* [Required work] For the word "thesis", find each line in the entries where it occurs and copy that line.

====== The input ======

lemma limit_shadows_glue:
  assumes zf: "\<forall>n. dist ((f ^^ n) zf) (x (int n)) \<le> \<eta>"
    and zf_lim: "(\<lambda>n. dist ((f ^^ n) zf) (x (int n))) \<longlonglongrightarrow> 0"
    and zg: "\<forall>n. dist ((g ^^ n) zg) (x (- int n)) \<le> \<eta>"
    and zg_lim: "(\<lambda>n. dist ((g ^^ n) zg) (x (- int n))) \<longlonglongrightarrow> 0"
    and vf: "v \<in> Vs X f r zf" and vg: "v \<in> Vs X g r zg" and "\<eta> + r \<le> c"
  shows "limit_shadows f g c v x"
proof (rule limit_shadows_from_halves)
  show "dist ((f ^^ n) v) (x (int n)) \<le> c" for n
  proof -
    have "dist ((f ^^ n) zf) ((f ^^ n) v) \<le> r"
      using vf by (simp add: Vs_def Ws_loc_def)
    then show ?thesis
      using dist_triangle3[of "(f ^^ n) v" "x (int n)" "(f ^^ n) zf"] zf[rule_format, of n] \<open>\<eta> + r \<le> c\<close>
      by linarith
  qed
  show "dist ((g ^^ n) v) (x (- int n)) \<le> c" for n
  proof -
    have "dist ((g ^^ n) zg) ((g ^^ n) v) \<le> r"
      using vg by (simp add: Vs_def Ws_loc_def)
    then show ?thesis
      using dist_triangle3[of "(g ^^ n) v" "x (- int n)" "(g ^^ n) zg"] zg[rule_format, of n] \<open>\<eta> + r \<le> c\<close>
      by linarith
  qed
  show "(\<lambda>n. dist ((f ^^ n) v) (x (int n))) \<longlonglongrightarrow> 0"
    using vf zf_lim by (auto simp: Vs_def Ws_def intro: tendsto_dist_zero_trans)
  show "(\<lambda>n. dist ((g ^^ n) v) (x (- int n))) \<longlonglongrightarrow> 0"
    using vg zg_lim by (auto simp: Vs_def Ws_def intro: tendsto_dist_zero_trans)
qed

lemma limit_shadows_jump_in_V:
  assumes "z \<in> X" and "dist x y \<le> r"
    and s_pos: "\<And>n. s (int (Suc n)) = (f ^^ Suc n) x" and s_neg: "\<And>n. s (- int n) = (g ^^ n) y"
    and "limit_shadows f g r z s"
  shows "z \<in> Vs X f (2 * r) x \<inter> Vu X g (2 * r) y"
proof -
  from \<open>limit_shadows f g r z s\<close> have bound: "\<And>k. dist (iter_int f g k z) (s k) \<le> r"
    and top: "(\<lambda>n. dist ((f ^^ n) z) (s (int n))) \<longlonglongrightarrow> 0"
    and bot: "(\<lambda>n. dist ((g ^^ n) z) (s (- int n))) \<longlonglongrightarrow> 0"
    unfolding limit_shadows_def tendsto_at_top_int_iff tendsto_at_bot_int_iff by auto
  have "(\<lambda>n. dist ((f ^^ Suc n) z) ((f ^^ Suc n) x)) \<longlonglongrightarrow> 0"
    using LIMSEQ_Suc[OF top] unfolding s_pos .
  then have "(\<lambda>n. dist ((f ^^ n) z) ((f ^^ n) x)) \<longlonglongrightarrow> 0"
    by (rule LIMSEQ_imp_Suc)
  moreover have "dist ((f ^^ n) z) ((f ^^ n) x) \<le> 2 * r" for n
  proof (cases n)
    case 0
    have "dist z x \<le> dist z y + dist y x" by (rule dist_triangle)
    with 0 bound[of 0] s_neg[of 0] \<open>dist x y \<le> r\<close> show ?thesis by (simp add: dist_commute)
  next
    case (Suc m)
    show ?thesis
      using bound[of "int n"] \<open>dist x y \<le> r\<close> zero_le_dist[of x y]
      unfolding Suc iter_int_of_nat s_pos by linarith
  qed
  moreover have "dist ((g ^^ n) z) ((g ^^ n) y) \<le> 2 * r" for n
    using bound[of "- int n"] \<open>dist x y \<le> r\<close> zero_le_dist[of x y]
    unfolding iter_int_minus_of_nat s_neg by linarith
  moreover have "(\<lambda>n. dist ((g ^^ n) z) ((g ^^ n) y)) \<longlonglongrightarrow> 0"
    using bot unfolding s_neg .
  ultimately show ?thesis
    using \<open>z \<in> X\<close> by (simp add: Vs_def Vu_def Ws_def Wu_def Ws_loc_def Wu_loc_def dist_commute)
qed

\<comment> \<open>x on the window [-N, N], continued outside it by the orbits of x (-N) and x N.\<close>
definition window_extension :: "('a \<Rightarrow> 'a) \<Rightarrow> ('a \<Rightarrow> 'a) \<Rightarrow> nat \<Rightarrow> (int \<Rightarrow> 'a) \<Rightarrow> int \<Rightarrow> 'a" where
  "window_extension f g N x k =
     (let c = max (- int N) (min (int N) k) in iter_int f g (k - c) (x c))"

lemma window_extension_eq: "- int N \<le> k \<Longrightarrow> k \<le> int N \<Longrightarrow> window_extension f g N x k = x k"
  by (simp add: window_extension_def)

definition forward_shadowing :: "'a::metric_space set \<Rightarrow> ('a \<Rightarrow> 'a) \<Rightarrow> bool" where
  "forward_shadowing X h \<longleftrightarrow>
    (\<forall>\<epsilon>>0. \<exists>\<delta>>0. \<forall>x::nat \<Rightarrow> 'a. (\<forall>k. x k \<in> X) \<longrightarrow>
        (\<forall>k. dist (h (x k)) (x (Suc k)) < \<delta>) \<longrightarrow>
        (\<exists>y\<in>X. \<forall>k. dist ((h ^^ k) y) (x k) < \<epsilon>))"

definition forward_L_shadowing :: "'a::metric_space set \<Rightarrow> ('a \<Rightarrow> 'a) \<Rightarrow> bool" where
  "forward_L_shadowing X h \<longleftrightarrow>
    (\<forall>\<epsilon>>0. \<exists>\<delta>>0. \<forall>x::nat \<Rightarrow> 'a. (\<forall>k. x k \<in> X) \<longrightarrow>
        (\<forall>k. dist (h (x k)) (x (Suc k)) \<le> \<delta>) \<longrightarrow>
        (\<lambda>k. dist (h (x k)) (x (Suc k))) \<longlonglongrightarrow> 0 \<longrightarrow>
        (\<exists>z\<in>X. (\<forall>k. dist ((h ^^ k) z) (x k) \<le> \<epsilon>) \<and> (\<lambda>k. dist ((h ^^ k) z) (x k)) \<longlonglongrightarrow> 0))"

======

* [Reply to the exercise]
    then show ?thesis
    then show ?thesis
    with 0 bound[of 0] s_neg[of 0] \<open>dist x y \<le> r\<close> show ?thesis by (simp add: dist_commute)
    show ?thesis
  ultimately show ?thesis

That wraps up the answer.